- [DATA EXCERPTS]

Start of Block

(* For all positive integers $\ell,k$, $$\det\left(f(\ell i - 1, x, qs)^j \big(-f(\ell i, x, s)\big)^{k-j}\right)_{i,j=0}^k = \det\left(f(\ell i, x, s)^j f(\ell i - 1, x, qs)^{k-j}\right)_{i,j=0}^k$$ $$= (-1)^{\binom{k+1}{3} \ell}\, s^{-\binom{k+1}{2} + \binom{k+1}{3} \ell}\, q^{\binom{k+1}{3} \binom{\ell}{2} + \binom{k+1}{4} \ell^2} \prod_{j=0}^{k-1} \mathrm{fac}(k-j, x, q^{\ell j} s, \ell).$$
   Context: Let $x,s,q$ be indeterminates; all quantities live in the field of rational functions in $x,s,q$. The Carlitz $q$-Fibonacci polynomials $f(n,x,s)$ are defined by $f(0,x,s)=0$, $f(1,x,s)=1$ and $f(n, x, s) = x f(n-1, x, s) + q^{n-2} s f(n-2, x, s)$; this recurrence is required to hold for all $n\in\mathbb{Z}$, which uniquely extends $f(n,x,s)$ to negative $n$ (e.g. $f(-1,x,s)=1/(q^{-1}s)$ times appropriate terms as determined by the recurrence). Here $f(n,x,q^a s)$ means $f(n,x,s)$ with $s$ replaced by $q^a s$. For positive integers $r,m$ define $\mathrm{fac}(r,x,s,m)=\prod_{i=1}^r f(im,x,s)$. *)

theory Defs
  imports "Jordan_Normal_Form.Determinant"
begin

fun cfib_nat :: "nat \<Rightarrow> 'a::field \<Rightarrow> 'a \<Rightarrow> 'a \<Rightarrow> 'a" where
  "cfib_nat 0 x s q = 0"
| "cfib_nat (Suc 0) x s q = 1"
| "cfib_nat (Suc (Suc n)) x s q = x * cfib_nat (Suc n) x s q + q ^ n * s * cfib_nat n x s q"

text \<open>Backward extension: cfib_neg m x s q = f(1 - m, x, s), obtained by solving
  f(n) = x f(n-1) + q^(n-2) s f(n-2) for f(n-2), with n = 1 - m.\<close>
fun cfib_neg :: "nat \<Rightarrow> 'a::field \<Rightarrow> 'a \<Rightarrow> 'a \<Rightarrow> 'a" where
  "cfib_neg 0 x s q = 1"
| "cfib_neg (Suc 0) x s q = 0"
| "cfib_neg (Suc (Suc m)) x s q =
     (cfib_neg m x s q - x * cfib_neg (Suc m) x s q) / (q powi (- 1 - int m) * s)"

definition cfib :: "int \<Rightarrow> 'a::field \<Rightarrow> 'a \<Rightarrow> 'a \<Rightarrow> 'a" where
  "cfib n x s q = (if 0 \<le> n then cfib_nat (nat n) x s q else cfib_neg (nat (1 - n)) x s q)"

definition cfac :: "nat \<Rightarrow> 'a::field \<Rightarrow> 'a \<Rightarrow> nat \<Rightarrow> 'a \<Rightarrow> 'a" where
  "cfac r x s m q = (\<Prod>i = 1..r. cfib (int (i * m)) x s q)"

end

theory Submission
  imports Defs
begin

text \<open>Both matrices are homogeneous Vandermonde matrices \<open>(b\<^sub>i\<^sup>j a\<^sub>i\<^sup>k\<^sup>-\<^sup>j)\<close>,
  with \<open>a\<^sub>i = f(\<ell>i - 1, x, qs)\<close>, \<open>b\<^sub>i = f(\<ell>i, x, s)\<close> for the second and
  \<open>(-b\<^sub>i, a\<^sub>i)\<close> in place of \<open>(a\<^sub>i, b\<^sub>i)\<close> for the first, so both equal
  \<open>\<Prod>\<^sub>i\<^sub><\<^sub>j (a\<^sub>i b\<^sub>j - a\<^sub>j b\<^sub>i)\<close>.
  Since \<open>m \<mapsto> f(m - 1, x, qs)\<close> solves the same recurrence as \<open>m \<mapsto> f(m, x, s)\<close>, their
  Casoratian is computable: \<open>s (f(m-1, x, qs) f(n, x, s) - f(n-1, x, qs) f(m, x, s))
  = (-1)\<^sup>m s\<^sup>m q\<^bsup>C(m,2)\<^esup> f(n - m, x, q\<^sup>m s)\<close>. Hence the factors with a fixed \<open>i\<close>
  multiply to a monomial times \<open>fac(k - i, x, q\<^bsup>\<ell>i\<^esup> s, \<ell>)\<close>, and the exponents of the
  monomials add up by the hockey-stick identity.\<close>

definition hom_vandermonde_mat :: "nat \<Rightarrow> (nat \<Rightarrow> 'a::comm_ring_1) \<Rightarrow> (nat \<Rightarrow> 'a) \<Rightarrow> 'a mat" where
  "hom_vandermonde_mat n a b = mat n n (\<lambda>(i,j). b i ^ j * a i ^ (n - 1 - j))"

lemma det_first_row_single_entry:
  fixes A :: "'a::comm_ring_1 mat"
  assumes A: "A \<in> carrier_mat (Suc n) (Suc n)" and j0: "j0 < Suc n"
    and zero: "\<And>j. j < Suc n \<Longrightarrow> j \<noteq> j0 \<Longrightarrow> A $$ (0,j) = 0"
  shows "det A = A $$ (0,j0) * cofactor A 0 j0"
proof -
  have "det A = (\<Sum>j<Suc n. A $$ (0,j) * cofactor A 0 j)"
    by (rule laplace_expansion_row[OF A]) simp
  also have "\<dots> = (\<Sum>j<Suc n. if j = j0 then A $$ (0,j) * cofactor A 0 j else 0)"
    by (rule sum.cong) (auto simp: zero)
  finally show ?thesis using j0 by simp
qed

lemma det_mat_scale_rows:
  fixes c :: "nat \<Rightarrow> 'a::comm_ring_1"
  shows "det (mat n n (\<lambda>(i,j). c i * g i j)) = (\<Prod>i<n. c i) * det (mat n n (\<lambda>(i,j). g i j))"
proof -
  let ?row = "\<lambda>i. vec n (\<lambda>j. g i j)"
  have "mat n n (\<lambda>(i,j). c i * g i j) = mat\<^sub>r n n (\<lambda>i. c i \<cdot>\<^sub>v ?row i)"
    and "mat n n (\<lambda>(i,j). g i j) = mat\<^sub>r n n ?row"
    by (auto intro!: eq_matI)
  moreover have "?row \<in> {0..<n} \<rightarrow> carrier_vec n" by auto
  ultimately show ?thesis by (simp add: det_rows_mul atLeast0LessThan)
qed

text \<open>Replacing every column \<open>C\<^sub>j\<close>, \<open>j \<ge> 1\<close>, by \<open>c C\<^sub>j - d C\<^sub>j\<^sub>-\<^sub>1\<close> is right
  multiplication by an upper triangular matrix with diagonal \<open>1, c, \<dots>, c\<close>.\<close>

lemma det_mat_combine_adjacent_cols:
  fixes A :: "'a::comm_ring_1 mat"
  assumes A: "A \<in> carrier_mat (Suc n) (Suc n)"
  shows "det (mat (Suc n) (Suc n) (\<lambda>(i,j).
           if j = 0 then A $$ (i,0) else c * A $$ (i,j) - d * A $$ (i,j-1))) = c ^ n * det A"
    (is "det ?B = _")
proof -
  define E :: "'a mat" where "E = mat (Suc n) (Suc n) (\<lambda>(r,j).
    if r = j then (if j = 0 then 1 else c) else if Suc r = j then - d else 0)"
  have E: "E \<in> carrier_mat (Suc n) (Suc n)" unfolding E_def by simp
  have "det E = (\<Prod>r<Suc n. E $$ (r,r))"
    using det_upper_triangular[OF _ E] prod_list_diag_prod[of E] E
    by (simp add: E_def upper_triangular_def atLeast0LessThan)
  also have "\<dots> = (\<Prod>r<Suc n. if r = 0 then 1 else c)"
    by (rule prod.cong) (auto simp: E_def)
  also have "\<dots> = c ^ n"
    unfolding prod.lessThan_Suc_shift by simp
  finally have det_E: "det E = c ^ n" .
  have entry: "(A * E) $$ (i,j) = (if j = 0 then A $$ (i,0) else c * A $$ (i,j) - d * A $$ (i,j-1))"
    if i: "i < Suc n" and j: "j < Suc n" for i j
  proof -
    have AE: "(A * E) $$ (i,j) = (\<Sum>r<Suc n. A $$ (i,r) * E $$ (r,j))"
      using i j A E by (simp add: scalar_prod_def atLeast0LessThan)
    show ?thesis
    proof (cases j)
      case 0
      have "(\<Sum>r<Suc n. A $$ (i,r) * E $$ (r,j)) = (\<Sum>r<Suc n. if r = 0 then A $$ (i,r) else 0)"
        by (rule sum.cong) (auto simp: E_def 0)
      then show ?thesis using AE 0 by simp
    next
      case (Suc j')
      have "(\<Sum>r<Suc n. A $$ (i,r) * E $$ (r,j))
          = (\<Sum>r<Suc n. (if r = j then c * A $$ (i,r) else 0) - (if r = j' then d * A $$ (i,r) else 0))"
        using j by (intro sum.cong) (auto simp: E_def Suc)
      then show ?thesis using AE Suc j by (simp add: sum_subtractf)
    qed
  qed
  have "A * E = ?B"
  proof (rule eq_matI)
    fix i j assume "i < dim_row ?B" "j < dim_col ?B"
    then show "(A * E) $$ (i,j) = ?B $$ (i,j)"
      by (simp only: dim_row_mat dim_col_mat index_mat entry split)
  qed (use A E in simp_all)
  then show ?thesis
    using det_mult[OF A E] det_E by (simp add: mult.commute)
qed

lemma hom_vandermonde_mat_combine_adjacent_cols:
  fixes a b :: "nat \<Rightarrow> 'a::comm_ring_1" and n :: nat
  defines "V \<equiv> hom_vandermonde_mat (Suc n) a b"
  shows "mat (Suc n) (Suc n) (\<lambda>(i,j).
      if j = 0 then V $$ (i,0) else a 0 * V $$ (i,j) - b 0 * V $$ (i,j-1))
    = mat (Suc n) (Suc n) (\<lambda>(i,j).
      if j = 0 then a i ^ n else (a 0 * b i - a i * b 0) * (b i ^ (j - 1) * a i ^ (n - j)))"
proof (rule eq_matI, unfold dim_row_mat dim_col_mat)
  fix i j assume i: "i < Suc n" and j: "j < Suc n"
  show "mat (Suc n) (Suc n) (\<lambda>(i,j).
      if j = 0 then V $$ (i,0) else a 0 * V $$ (i,j) - b 0 * V $$ (i,j-1)) $$ (i,j)
    = mat (Suc n) (Suc n) (\<lambda>(i,j).
      if j = 0 then a i ^ n else (a 0 * b i - a i * b 0) * (b i ^ (j - 1) * a i ^ (n - j))) $$ (i,j)"
  proof (cases j)
    case (Suc j')
    then have "n - j' = Suc (n - j)" using j by simp
    then show ?thesis using i j Suc by (simp add: V_def hom_vandermonde_mat_def algebra_simps)
  qed (use i j in \<open>simp add: V_def hom_vandermonde_mat_def\<close>)
qed simp_all

text \<open>If \<open>a\<^sub>0 = 0\<close>, the first row is \<open>(0, \<dots>, 0, b\<^sub>0\<^sup>n)\<close>; otherwise the column operations
  with \<open>c = a\<^sub>0\<close>, \<open>d = b\<^sub>0\<close> reduce it to \<open>(a\<^sub>0\<^sup>n, 0, \<dots>, 0)\<close>, at the cost of a factor
  \<open>a\<^sub>0\<^sup>n\<close> that is cancelled afterwards.\<close>

lemma det_hom_vandermonde_Suc:
  fixes a b :: "nat \<Rightarrow> 'a::idom"
  shows "det (hom_vandermonde_mat (Suc n) a b)
    = (\<Prod>i<n. a 0 * b (Suc i) - a (Suc i) * b 0)
      * det (hom_vandermonde_mat n (\<lambda>i. a (Suc i)) (\<lambda>i. b (Suc i)))"
proof -
  let ?V = "hom_vandermonde_mat (Suc n) a b"
  let ?V' = "hom_vandermonde_mat n (\<lambda>i. a (Suc i)) (\<lambda>i. b (Suc i))"
  let ?P = "\<Prod>i<n. a 0 * b (Suc i) - a (Suc i) * b 0"
  have V: "?V \<in> carrier_mat (Suc n) (Suc n)" by (simp add: hom_vandermonde_mat_def)
  show ?thesis
  proof (cases "a 0 = 0")
    case True
    have "det ?V = b 0 ^ n * cofactor ?V 0 n"
      using det_first_row_single_entry[OF V, of n] True by (simp add: hom_vandermonde_mat_def)
    moreover have "mat_delete ?V 0 n
        = mat n n (\<lambda>(i,j). a (Suc i) * (b (Suc i) ^ j * a (Suc i) ^ (n - 1 - j)))"
      by (rule eq_matI) (auto simp: mat_delete_def hom_vandermonde_mat_def Suc_diff_Suc[symmetric])
    then have "cofactor ?V 0 n = (-1) ^ n * ((\<Prod>i<n. a (Suc i)) * det ?V')"
      by (simp add: cofactor_def det_mat_scale_rows hom_vandermonde_mat_def)
    moreover have "?P = (\<Prod>i<n. (- b 0) * a (Suc i))"
      using True by (intro prod.cong) simp_all
    then have "?P = (-1) ^ n * b 0 ^ n * (\<Prod>i<n. a (Suc i))"
      by (simp only: prod.distrib prod_constant card_lessThan power_minus[of "b 0"])
    ultimately show ?thesis by (simp only: mult_ac)
  next
    case False
    let ?W = "mat (Suc n) (Suc n) (\<lambda>(i,j).
      if j = 0 then a i ^ n else (a 0 * b i - a i * b 0) * (b i ^ (j - 1) * a i ^ (n - j)))"
    have W: "?W \<in> carrier_mat (Suc n) (Suc n)" by simp
    have "a 0 ^ n * det ?V = det ?W"
      using det_mat_combine_adjacent_cols[OF V, of "a 0" "b 0"]
      by (simp add: hom_vandermonde_mat_combine_adjacent_cols)
    also have "det ?W = a 0 ^ n * cofactor ?W 0 0"
      using det_first_row_single_entry[OF W, of 0] by simp
    also have "mat_delete ?W 0 0 = mat n n (\<lambda>(i,j).
        (a 0 * b (Suc i) - a (Suc i) * b 0) * (b (Suc i) ^ j * a (Suc i) ^ (n - 1 - j)))"
      by (rule eq_matI) (simp_all add: mat_delete_def)
    then have "cofactor ?W 0 0 = ?P * det ?V'"
      by (simp add: cofactor_def det_mat_scale_rows hom_vandermonde_mat_def)
    finally show ?thesis using False by simp
  qed
qed

lemma prod_upper_triangle_Suc:
  fixes P :: "nat \<Rightarrow> nat \<Rightarrow> 'a::comm_monoid_mult"
  shows "(\<Prod>i<Suc n. \<Prod>j\<in>{Suc i..<Suc n}. P i j)
    = (\<Prod>i<n. P 0 (Suc i)) * (\<Prod>i<n. \<Prod>j\<in>{Suc i..<n}. P (Suc i) (Suc j))"
proof -
  have shift: "(\<Prod>j\<in>{Suc m..<Suc n}. f j) = (\<Prod>j\<in>{m..<n}. f (Suc j))" for m and f :: "nat \<Rightarrow> 'a"
    by (rule prod.shift_bounds_Suc_ivl)
  show ?thesis
    unfolding prod.lessThan_Suc_shift shift by (simp add: lessThan_atLeast0)
qed

theorem det_hom_vandermonde:
  fixes a b :: "nat \<Rightarrow> 'a::idom"
  shows "det (hom_vandermonde_mat n a b) = (\<Prod>i<n. \<Prod>j\<in>{Suc i..<n}. a i * b j - a j * b i)"
proof (induction n arbitrary: a b)
  case 0
  show ?case by (simp add: hom_vandermonde_mat_def)
next
  case (Suc n)
  show ?case
    unfolding det_hom_vandermonde_Suc Suc.IH prod_upper_triangle_Suc ..
qed

lemma cfib_nat_Suc_Suc_shift:
  fixes x s q :: "'a::field"
  shows "cfib_nat (Suc (Suc n)) x s q
    = x * cfib_nat (Suc n) x (q * s) q + q * s * cfib_nat n x (q * (q * s)) q"
proof (induction n rule: induct_nat_012)
  case (ge2 n)
  have "cfib_nat (Suc (Suc (Suc (Suc n)))) x s q
      = x * cfib_nat (Suc (Suc (Suc n))) x s q + q ^ Suc (Suc n) * s * cfib_nat (Suc (Suc n)) x s q"
    by (simp only: cfib_nat.simps(3))
  then show ?case
    unfolding ge2.IH by (simp add: algebra_simps)
qed (simp_all add: algebra_simps)

text \<open>The sequence \<open>G\<^sub>m = f(m - 1, x, q s)\<close> satisfies the recurrence of \<open>f(m, x, s)\<close> with
  initial values \<open>1/s, 0\<close>, so \<open>s (G\<^sub>m f(n) - G\<^sub>n f(m))\<close> is a Casoratian of the two solutions.\<close>

definition cfib_companion :: "nat \<Rightarrow> 'a::field \<Rightarrow> 'a \<Rightarrow> 'a \<Rightarrow> 'a" where
  "cfib_companion m x s q = cfib (int m - 1) x (q * s) q"

lemma cfib_companion_0:
  fixes x s q :: "'a::field"
  assumes "q \<noteq> 0"
  shows "cfib_companion 0 x s q = inverse s"
  using assms by (simp add: cfib_companion_def cfib_def numeral_2_eq_2 power_int_minus field_simps)

lemma cfib_companion_Suc: "cfib_companion (Suc m) x s q = cfib_nat m x (q * s) q"
  by (simp add: cfib_companion_def cfib_def)

lemma cfib_companion_Suc_Suc:
  fixes x s q :: "'a::field"
  assumes "s \<noteq> 0" and "q \<noteq> 0"
  shows "cfib_companion (Suc (Suc m)) x s q
    = x * cfib_companion (Suc m) x s q + q ^ m * s * cfib_companion m x s q"
proof (cases m)
  case 0
  then show ?thesis using assms by (simp add: cfib_companion_Suc cfib_companion_0)
next
  case (Suc m')
  then show ?thesis by (simp add: cfib_companion_Suc algebra_simps)
qed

End of Block

- [EXERCISE INSTRUCTIONS] From the records above, copy every line that holds the word "lemma".

- [RESULT]
lemma det_first_row_single_entry:
lemma det_mat_scale_rows:
lemma det_mat_combine_adjacent_cols:
lemma hom_vandermonde_mat_combine_adjacent_cols:
lemma det_hom_vandermonde_Suc:
lemma prod_upper_triangle_Suc:
lemma cfib_nat_Suc_Suc_shift:
lemma cfib_companion_0:
lemma cfib_companion_Suc: "cfib_companion (Suc m) x s q = cfib_nat m x (q * s) q"
lemma cfib_companion_Suc_Suc:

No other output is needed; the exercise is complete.